__Record excerpts__:
(* Let $H\in\mathbb{R}^{n\times n}$ be symmetric positive definite with LDL decomposition $H=(\grave U+I)D(\grave U+I)^T$ ($\grave U$ strictly upper triangular, $D$ diagonal). Let $w\in\mathbb{R}^{1\times n}$ and let $\mathcal{Q}:\mathbb{R}\to\mathbb{R}$ be any rounding map, for example nearest rounding to a finite grid with clamping. Run the OPTQ procedure on $w$. Then for each $t=1,\dots,n$ the value produced by OPTQ is $$\hat w_t=\mathcal{Q}\big(w_t+(w-\hat w)\grave U e_t\big)=\mathcal{Q}\big(w_t-(\hat w_{1:(t-1)}-w_{1:(t-1)})\grave U_{1:(t-1),t}\big).$$ Thus OPTQ coincides with adaptive rounding with linear feedback using $U=\grave U$ (i.e. LDLQ).
   Context: OPTQ procedure: quantize the entries of the row vector $w$ in the order $t=1,\dots,n$. At step $t$, with $\hat w_1,\dots,\hat w_{t-1}$ already fixed, set $\Delta_{1:(t-1)}=\hat w_{1:(t-1)}-w_{1:(t-1)}$. Let $\Delta^*_{t:n}\in\mathbb{R}^{1\times(n-t+1)}$ minimize the proxy loss $\Delta H\Delta^T$ over $\Delta_{t:n}$, where $\Delta=(\Delta_{1:(t-1)},\Delta_{t:n})$. Explicitly, $\Delta^*_{t:n}=-\Delta_{1:(t-1)}H_{1:(t-1),t:n}(H_{t:n,t:n})^{-1}$. Then set $\hat w_t=\mathcal{Q}(w_t+(\Delta^*_{t:n})_1)$, where $(\cdot)_1$ is the first entry. $e_t$ is the $t$-th standard basis vector. Subscript ranges denote submatrices and subvectors. *)

theory Defs
  imports "Jordan_Normal_Form.Matrix" "Jordan_Normal_Form.Gauss_Jordan_Elimination"
begin

(* Indices are 0-based: entries 0..n-1 correspond to 1..n of the paper. *)

definition sym_pos_def_mat :: "real mat \<Rightarrow> nat \<Rightarrow> bool" where
  "sym_pos_def_mat H n \<longleftrightarrow> H \<in> carrier_mat n n \<and> transpose_mat H = H \<and>
     (\<forall>x \<in> carrier_vec n. x \<noteq> 0\<^sub>v n \<longrightarrow> x \<bullet> (H *\<^sub>v x) > 0)"

definition strictly_upper_triangular :: "real mat \<Rightarrow> bool" where
  "strictly_upper_triangular U \<longleftrightarrow>
     (\<forall>i < dim_row U. \<forall>j < dim_col U. j \<le> i \<longrightarrow> U $$ (i, j) = 0)"

text \<open>Optimal continuation Delta*_{t:n} (a 1 x (n-t) row matrix) at step t (0-based),
  given the already quantized prefix p = [hat w_0, ..., hat w_{t-1}]:
  Delta*_{t:n} = - Delta_{0:t} H_{0:t, t:n} (H_{t:n,t:n})^{-1}.\<close>
definition optq_delta :: "real mat \<Rightarrow> real vec \<Rightarrow> real list \<Rightarrow> nat \<Rightarrow> real mat" where
  "optq_delta H w p t =
     (let n = dim_row H;
          Dl = mat 1 t (\<lambda>(_, j). p ! j - w $ j);
          B = mat t (n - t) (\<lambda>(i, j). H $$ (i, t + j));
          C = mat (n - t) (n - t) (\<lambda>(i, j). H $$ (t + i, t + j))
      in - (Dl * B * the (mat_inverse C)))"

fun optq :: "real mat \<Rightarrow> (real \<Rightarrow> real) \<Rightarrow> real vec \<Rightarrow> nat \<Rightarrow> real list" where
  "optq H Q w 0 = []"
| "optq H Q w (Suc t) =
     (let p = optq H Q w t in p @ [Q (w $ t + optq_delta H w p t $$ (0, 0))])"

end

theory Submission imports Defs "Jordan_Normal_Form.Determinant" begin

text \<open>The first entry of the optimal continuation at step \<open>t\<close> is
  \<open>-\<Delta>\<^bsub>0:t\<^esub> H\<^bsub>0:t,t:n\<^esub> x\<close>, where \<open>C x = e\<^sub>0\<close> for the trailing block \<open>C = H\<^bsub>t:n,t:n\<^esub>\<close> (invertible
  by positive definiteness). Write \<open>H = L D L\<^sup>T\<close> with \<open>L = U + 1\<close> upper unitriangular and let
  \<open>\<tilde>x\<close> be \<open>x\<close> padded by \<open>t\<close> leading zeros. Then \<open>g = D L\<^sup>T \<tilde>x\<close> vanishes on the first \<open>t\<close>
  coordinates, so the trailing rows of \<open>H \<tilde>x = L g\<close> form a unitriangular system with right-hand
  side \<open>e\<^sub>0\<close>; hence \<open>g = e\<^sub>t\<close> and \<open>H \<tilde>x\<close> is the \<open>t\<close>-th column of \<open>L\<close>. Its first \<open>t\<close> rows give
  \<open>H\<^bsub>0:t,t:n\<^esub> x = U\<^bsub>0:t,t\<^esub>\<close>, the LDLQ feedback.\<close>

lemma sum_lessThan_split_shift:
  fixes t n :: nat
  assumes "t \<le> n"
  shows "(\<Sum>b<n. f b) = (\<Sum>b<t. f b) + (\<Sum>j<n - t. f (t + j))"
proof -
  from assms have "(\<Sum>b<n. f b) = (\<Sum>b<t. f b) + (\<Sum>b\<in>{t..<n}. f b)"
    using sum.atLeastLessThan_concat[of 0 t n f] by (simp add: atLeast0LessThan)
  also have "(\<Sum>b\<in>{t..<n}. f b) = (\<Sum>j<n - t. f (t + j))"
    using \<open>t \<le> n\<close> sum.shift_bounds_nat_ivl[of f 0 t "n - t"]
    by (simp add: lessThan_atLeast0 add.commute)
  finally show ?thesis .
qed

lemma index_mult_diagonal_mult_transpose:
  fixes L D :: "'a::comm_ring_1 mat"
  assumes L: "L \<in> carrier_mat n n" and D: "D \<in> carrier_mat n n" and "diagonal_mat D"
    and a: "a < n" and b: "b < n"
  shows "(L * D * transpose_mat L) $$ (a, b) = (\<Sum>k<n. L $$ (a, k) * D $$ (k, k) * L $$ (b, k))"
proof -
  have LD: "(L * D) $$ (a, k) = L $$ (a, k) * D $$ (k, k)" if k: "k < n" for k
  proof -
    have "(L * D) $$ (a, k) = (\<Sum>l\<in>{0..<n}. L $$ (a, l) * D $$ (l, k))"
      using L D a k by (simp add: scalar_prod_def)
    also have "\<dots> = (\<Sum>l\<in>{0..<n}. if l = k then L $$ (a, l) * D $$ (l, k) else 0)"
      using D k \<open>diagonal_mat D\<close> unfolding diagonal_mat_def by (intro sum.cong) auto
    finally show ?thesis using k by simp
  qed
  have "(L * D * transpose_mat L) $$ (a, b) = row (L * D) a \<bullet> col (transpose_mat L) b"
    using L D a b by (intro index_mult_mat(1)) auto
  also have "\<dots> = (\<Sum>k\<in>{0..<n}. (L * D) $$ (a, k) * L $$ (b, k))"
    unfolding scalar_prod_def using L D a b by (intro sum.cong) auto
  finally have "(L * D * transpose_mat L) $$ (a, b) = (\<Sum>k\<in>{0..<n}. (L * D) $$ (a, k) * L $$ (b, k))" .
  then show ?thesis by (simp add: LD atLeast0LessThan)
qed

lemma pos_def_trailing_block_det_nonzero:
  assumes H: "sym_pos_def_mat H n" and t: "t \<le> n"
  shows "det (mat (n - t) (n - t) (\<lambda>(i, j). H $$ (t + i, t + j))) \<noteq> 0"
proof
  define m where "m = n - t"
  define C where "C = mat m m (\<lambda>(i, j). H $$ (t + i, t + j))"
  have Hc: "H \<in> carrier_mat n n" using H unfolding sym_pos_def_mat_def by auto
  assume "det (mat (n - t) (n - t) (\<lambda>(i, j). H $$ (t + i, t + j))) = 0"
  then obtain v where v: "v \<in> carrier_vec m" "v \<noteq> 0\<^sub>v m" "C *\<^sub>v v = 0\<^sub>v m"
    using det_0_iff_vec_prod_zero_field[of C m] unfolding C_def m_def by auto
  define x where "x = vec n (\<lambda>i. if i < t then 0 else v $ (i - t))"
  have x_shift: "x $ (t + j) = v $ j" if "j < m" for j
    using that unfolding x_def m_def by simp
  have "x \<noteq> 0\<^sub>v n"
  proof
    assume "x = 0\<^sub>v n"
    then have "v = 0\<^sub>v m"
      using v(1) x_shift by (intro eq_vecI) (auto simp: m_def)
    with v(2) show False ..
  qed
  moreover have Hx_tail: "(H *\<^sub>v x) $ (t + i) = 0" if i: "i < m" for i
  proof -
    have "(H *\<^sub>v x) $ (t + i) = (\<Sum>b<n. H $$ (t + i, b) * x $ b)"
      using Hc i by (simp add: m_def x_def scalar_prod_def atLeast0LessThan)
    also have "\<dots> = (\<Sum>j<m. C $$ (i, j) * v $ j)"
      using sum_lessThan_split_shift[OF t, of "\<lambda>b. H $$ (t + i, b) * x $ b"] i x_shift
      by (simp add: C_def m_def x_def)
    also have "\<dots> = (C *\<^sub>v v) $ i"
      using v(1) i by (simp add: C_def scalar_prod_def atLeast0LessThan)
    finally show ?thesis using v(3) i by simp
  qed
  then have "x $ i * (H *\<^sub>v x) $ i = 0" if "i < n" for i
    using that t Hx_tail[of "i - t"] by (cases "i < t") (auto simp: x_def m_def)
  then have "x \<bullet> (H *\<^sub>v x) = 0"
    unfolding scalar_prod_def using Hc by (intro sum.neutral) auto
  ultimately show False
    using H unfolding sym_pos_def_mat_def x_def by fastforce
qed

lemma unitriangular_solve_unit:
  fixes l :: "nat \<Rightarrow> nat \<Rightarrow> 'a::comm_ring_1"
  assumes low: "\<And>i k. i < m \<Longrightarrow> k < i \<Longrightarrow> l i k = 0"
    and diag: "\<And>i. i < m \<Longrightarrow> l i i = 1"
    and sol: "\<And>i. i < m \<Longrightarrow> (\<Sum>k<m. l i k * z k) = (if i = 0 then 1 else 0)"
    and i: "i < m"
  shows "z i = (if i = 0 then 1 else 0)"
  using i
proof (induction "m - i" arbitrary: i rule: less_induct)
  case (less i)
  have "(\<Sum>k<m. l i k * z k) = (\<Sum>k<m. if k = i then z k else 0)"
  proof (intro sum.cong refl)
    fix k assume k: "k \<in> {..<m}"
    consider "k < i" | "k = i" | "i < k" by linarith
    then show "l i k * z k = (if k = i then z k else 0)"
      by cases (use low diag less k in auto)
  qed
  then show ?case using sol[OF less.prems] less.prems by simp
qed

lemma LDLt_trailing_block_solve:
  fixes h l :: "nat \<Rightarrow> nat \<Rightarrow> 'a::comm_ring_1"
  assumes h: "\<And>a b. a < n \<Longrightarrow> b < n \<Longrightarrow> h a b = (\<Sum>k<n. l a k * d k * l b k)"
    and low: "\<And>i k. i < n \<Longrightarrow> k < i \<Longrightarrow> l i k = 0"
    and diag: "\<And>i. i < n \<Longrightarrow> l i i = 1"
    and t: "t < n"
    and sol: "\<And>i. i < n - t \<Longrightarrow> (\<Sum>j<n - t. h (t + i) (t + j) * x j) = (if i = 0 then 1 else 0)"
    and a: "a < n"
  shows "(\<Sum>j<n - t. h a (t + j) * x j) = l a t"
proof -
  define m where "m = n - t"
  define g where "g k = d k * (\<Sum>j<m. l (t + j) k * x j)" for k
  have g_head: "g k = 0" if "k < t" for k
    using that t low unfolding g_def m_def by (auto intro!: sum.neutral)
  have expand: "(\<Sum>j<m. h b (t + j) * x j) = (\<Sum>k<m. l b (t + k) * g (t + k))" if "b < n" for b
  proof -
    have "(\<Sum>j<m. h b (t + j) * x j) = (\<Sum>j<m. \<Sum>k<n. l b k * d k * l (t + j) k * x j)"
      using that by (auto simp: h m_def sum_distrib_right intro!: sum.cong)
    also have "\<dots> = (\<Sum>k<n. l b k * g k)"
      by (subst sum.swap) (auto simp: g_def sum_distrib_left mult.assoc intro!: sum.cong)
    also have "\<dots> = (\<Sum>k<m. l b (t + k) * g (t + k))"
      using sum_lessThan_split_shift[of t n "\<lambda>k. l b k * g k"] t g_head by (simp add: m_def)
    finally show ?thesis .
  qed
  have g_tail: "g (t + k) = (if k = 0 then 1 else 0)" if "k < m" for k
    by (rule unitriangular_solve_unit[where l = "\<lambda>i k. l (t + i) (t + k)" and m = m])
       (use that low diag sol expand in \<open>auto simp: m_def\<close>)
  have "(\<Sum>k<m. l a (t + k) * g (t + k)) = (\<Sum>k<m. if k = 0 then l a t else 0)"
    by (intro sum.cong refl) (simp add: g_tail)
  then show ?thesis using expand[OF a] t by (simp add: m_def)
qed

lemma optq_delta_LDLt:
  fixes H U D :: "real mat"
  assumes H: "sym_pos_def_mat H n"
    and U: "U \<in> carrier_mat n n" and D: "D \<in> carrier_mat n n"
    and "strictly_upper_triangular U" and "diagonal_mat D"
    and LDL: "H = (U + 1\<^sub>m n) * D * transpose_mat (U + 1\<^sub>m n)"
    and t: "t < n"
  shows "optq_delta H w p t $$ (0, 0) = - (\<Sum>j<t. (p ! j - w $ j) * U $$ (j, t))"
proof -
  define m where "m = n - t"
  define Dl where "Dl = mat 1 t (\<lambda>(_, j). p ! j - w $ j)"
  define B where "B = mat t m (\<lambda>(i, j). H $$ (i, t + j))"
  define C where "C = mat m m (\<lambda>(i, j). H $$ (t + i, t + j))"
  have Hc: "H \<in> carrier_mat n n" using H unfolding sym_pos_def_mat_def by auto
  have C: "C \<in> carrier_mat m m" by (simp add: C_def)
  have "det C \<noteq> 0"
    using pos_def_trailing_block_det_nonzero[OF H] t by (simp add: C_def m_def)
  then obtain X where X: "mat_inverse C = Some X"
    using mat_inverse(1)[OF C, where b = "()"] det_non_zero_imp_unit[OF C, of "()"]
    by (cases "mat_inverse C") auto
  from mat_inverse(2)[OF C X] have CX: "C * X = 1\<^sub>m m" and Xc: "X \<in> carrier_mat m m" by auto
  have BX: "(B * X) $$ (a, 0) = U $$ (a, t)" if a: "a < t" for a
  proof -
    let ?l = "\<lambda>i k. (U + 1\<^sub>m n) $$ (i, k)"
    have "(\<Sum>j<m. H $$ (a, t + j) * X $$ (j, 0)) = ?l a t"
      unfolding m_def
    proof (rule LDLt_trailing_block_solve[where d = "\<lambda>k. D $$ (k, k)"])
      show "H $$ (a', b) = (\<Sum>k<n. ?l a' k * D $$ (k, k) * ?l b k)" if "a' < n" "b < n" for a' b
        unfolding LDL using that U D \<open>diagonal_mat D\<close>
        by (intro index_mult_diagonal_mult_transpose) auto
      show "(\<Sum>j<n - t. H $$ (t + i, t + j) * X $$ (j, 0)) = (if i = 0 then 1 else 0)"
        if "i < n - t" for i
        using arg_cong[OF CX, of "\<lambda>M. M $$ (i, 0)"] that t C Xc
        by (simp add: C_def m_def scalar_prod_def atLeast0LessThan)
    qed (use U \<open>strictly_upper_triangular U\<close> t a in
         \<open>auto simp: strictly_upper_triangular_def\<close>)
    then show ?thesis
      using Xc a t by (simp add: B_def m_def scalar_prod_def atLeast0LessThan)
  qed
  have "optq_delta H w p t = - (Dl * B * X)"
    using Hc X unfolding optq_delta_def Let_def Dl_def B_def C_def m_def by simp
  also have "Dl * B * X = Dl * (B * X)"
    using Xc by (intro assoc_mult_mat) (auto simp: Dl_def B_def)
  finally have "optq_delta H w p t $$ (0, 0) = - (\<Sum>a<t. Dl $$ (0, a) * (B * X) $$ (a, 0))"
    using Xc t by (simp add: m_def Dl_def B_def index_uminus_mat scalar_prod_def atLeast0LessThan)
  also have "\<dots> = - (\<Sum>j<t. (p ! j - w $ j) * U $$ (j, t))"
    by (simp add: Dl_def BX)
  finally show ?thesis .
qed

lemma length_optq [simp]: "length (optq H Q w t) = t"
  by (induction t) (simp_all add: Let_def)

lemma optq_prefix: "t \<le> k \<Longrightarrow> optq H Q w t = take t (optq H Q w k)"
  by (induction k) (auto simp: Let_def le_Suc_eq)

lemma nth_optq:
  assumes "t < k"
  shows "optq H Q w k ! t =
    Q (w $ t + optq_delta H w (take t (optq H Q w k)) t $$ (0, 0))"
proof -
  have "optq H Q w k ! t = optq H Q w (Suc t) ! t"
    using optq_prefix[of "Suc t" k] assms by simp
  also have "\<dots> = Q (w $ t + optq_delta H w (optq H Q w t) t $$ (0, 0))"
    by (simp add: Let_def nth_append)
  finally show ?thesis using optq_prefix[of t k] assms by simp
qed

lemma scalar_prod_col_strictly_upper:
  assumes "U \<in> carrier_mat n n" "strictly_upper_triangular U" "v \<in> carrier_vec n" "t < n"
  shows "v \<bullet> col U t = (\<Sum>j<t. v $ j * U $$ (j, t))"
proof -
  have "v \<bullet> col U t = (\<Sum>j<n. v $ j * U $$ (j, t))"
    using assms by (simp add: scalar_prod_def atLeast0LessThan)
  also have "\<dots> = (\<Sum>j<t. v $ j * U $$ (j, t))"
    using sum_lessThan_split_shift[of t n "\<lambda>j. v $ j * U $$ (j, t)"] assms
    unfolding strictly_upper_triangular_def by simp
  finally show ?thesis .
qed

theorem theorem6:
  fixes n :: nat and H U D :: "real mat" and w :: "real vec" and Q :: "real \<Rightarrow> real"
  assumes "sym_pos_def_mat H n"
    and "U \<in> carrier_mat n n" and "D \<in> carrier_mat n n"
    and "strictly_upper_triangular U" and "diagonal_mat D"
    and "H = (U + 1\<^sub>m n) * D * transpose_mat (U + 1\<^sub>m n)"
    and "w \<in> carrier_vec n"
  shows "\<forall>t < n.
     optq H Q w n ! t = Q (w $ t + (w - vec n (\<lambda>j. optq H Q w n ! j)) \<bullet> col U t)
   \<and> optq H Q w n ! t = Q (w $ t - (\<Sum>j<t. (optq H Q w n ! j - w $ j) * U $$ (j, t)))"
proof (intro allI impI conjI)
  fix t assume t: "t < n"
  have feedback: "optq_delta H w (take t (optq H Q w n)) t $$ (0, 0) =
      - (\<Sum>j<t. (optq H Q w n ! j - w $ j) * U $$ (j, t))"
    using optq_delta_LDLt[OF assms(1-6) t] by simp
  then show sum_form: "optq H Q w n ! t = Q (w $ t - (\<Sum>j<t. (optq H Q w n ! j - w $ j) * U $$ (j, t)))"
    using nth_optq[OF t, of H Q w] by simp
  have "(w - vec n (\<lambda>j. optq H Q w n ! j)) \<bullet> col U t = - (\<Sum>j<t. (optq H Q w n ! j - w $ j) * U $$ (j, t))"
    using scalar_prod_col_strictly_upper[OF assms(2,4) _ t] assms(7) t
    by (simp add: sum_negf[symmetric] algebra_simps)
  with sum_form show "optq H Q w n ! t = Q (w $ t + (w - vec n (\<lambda>j. optq H Q w n ! j)) \<bullet> col U t)"
    by simp
qed

end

__Directions__:
Filter the records above and copy every line that contains the word "bool".

__Output of the task__:
definition sym_pos_def_mat :: "real mat \<Rightarrow> nat \<Rightarrow> bool" where
definition strictly_upper_triangular :: "real mat \<Rightarrow> bool" where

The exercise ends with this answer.